>>
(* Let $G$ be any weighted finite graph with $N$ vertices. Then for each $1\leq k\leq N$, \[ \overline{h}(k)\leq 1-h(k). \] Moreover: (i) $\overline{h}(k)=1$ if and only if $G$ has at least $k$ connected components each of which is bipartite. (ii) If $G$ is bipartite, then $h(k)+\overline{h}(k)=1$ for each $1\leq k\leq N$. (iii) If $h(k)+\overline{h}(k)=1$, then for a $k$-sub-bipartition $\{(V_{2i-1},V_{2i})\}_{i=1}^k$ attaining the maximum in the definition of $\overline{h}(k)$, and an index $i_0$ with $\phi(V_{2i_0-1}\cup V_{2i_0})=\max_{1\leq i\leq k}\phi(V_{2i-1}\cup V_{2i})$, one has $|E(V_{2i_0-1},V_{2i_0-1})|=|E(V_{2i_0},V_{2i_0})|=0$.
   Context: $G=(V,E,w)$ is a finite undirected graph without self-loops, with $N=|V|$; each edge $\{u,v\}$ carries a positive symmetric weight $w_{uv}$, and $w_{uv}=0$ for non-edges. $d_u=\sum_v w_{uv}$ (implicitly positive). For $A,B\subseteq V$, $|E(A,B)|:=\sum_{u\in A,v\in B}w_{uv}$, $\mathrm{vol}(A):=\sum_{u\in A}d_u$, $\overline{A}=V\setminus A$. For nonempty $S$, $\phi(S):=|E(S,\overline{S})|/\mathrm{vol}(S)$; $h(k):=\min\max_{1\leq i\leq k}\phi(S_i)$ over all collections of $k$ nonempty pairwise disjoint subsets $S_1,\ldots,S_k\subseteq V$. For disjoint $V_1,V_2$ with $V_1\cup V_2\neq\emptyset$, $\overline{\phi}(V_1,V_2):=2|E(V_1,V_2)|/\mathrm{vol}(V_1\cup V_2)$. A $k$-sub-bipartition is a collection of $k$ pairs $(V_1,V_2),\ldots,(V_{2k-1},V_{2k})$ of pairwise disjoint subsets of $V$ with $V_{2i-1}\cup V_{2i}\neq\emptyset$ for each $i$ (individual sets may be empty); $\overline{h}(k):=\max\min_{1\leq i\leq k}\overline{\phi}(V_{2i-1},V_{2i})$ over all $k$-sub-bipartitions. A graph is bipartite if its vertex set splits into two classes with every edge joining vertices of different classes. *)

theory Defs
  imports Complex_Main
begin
<<
*Work instruction*: Look above for the line containing "Context: $G=(V,E,w)$ is". Return it and each line after it exactly, through the last line, and nothing more.

*Answer to the problem*:
   Context: $G=(V,E,w)$ is a finite undirected graph without self-loops, with $N=|V|$; each edge $\{u,v\}$ carries a positive symmetric weight $w_{uv}$, and $w_{uv}=0$ for non-edges. $d_u=\sum_v w_{uv}$ (implicitly positive). For $A,B\subseteq V$, $|E(A,B)|:=\sum_{u\in A,v\in B}w_{uv}$, $\mathrm{vol}(A):=\sum_{u\in A}d_u$, $\overline{A}=V\setminus A$. For nonempty $S$, $\phi(S):=|E(S,\overline{S})|/\mathrm{vol}(S)$; $h(k):=\min\max_{1\leq i\leq k}\phi(S_i)$ over all collections of $k$ nonempty pairwise disjoint subsets $S_1,\ldots,S_k\subseteq V$. For disjoint $V_1,V_2$ with $V_1\cup V_2\neq\emptyset$, $\overline{\phi}(V_1,V_2):=2|E(V_1,V_2)|/\mathrm{vol}(V_1\cup V_2)$. A $k$-sub-bipartition is a collection of $k$ pairs $(V_1,V_2),\ldots,(V_{2k-1},V_{2k})$ of pairwise disjoint subsets of $V$ with $V_{2i-1}\cup V_{2i}\neq\emptyset$ for each $i$ (individual sets may be empty); $\overline{h}(k):=\max\min_{1\leq i\leq k}\overline{\phi}(V_{2i-1},V_{2i})$ over all $k$-sub-bipartitions. A graph is bipartite if its vertex set splits into two classes with every edge joining vertices of different classes. *)

theory Defs
  imports Complex_Main
begin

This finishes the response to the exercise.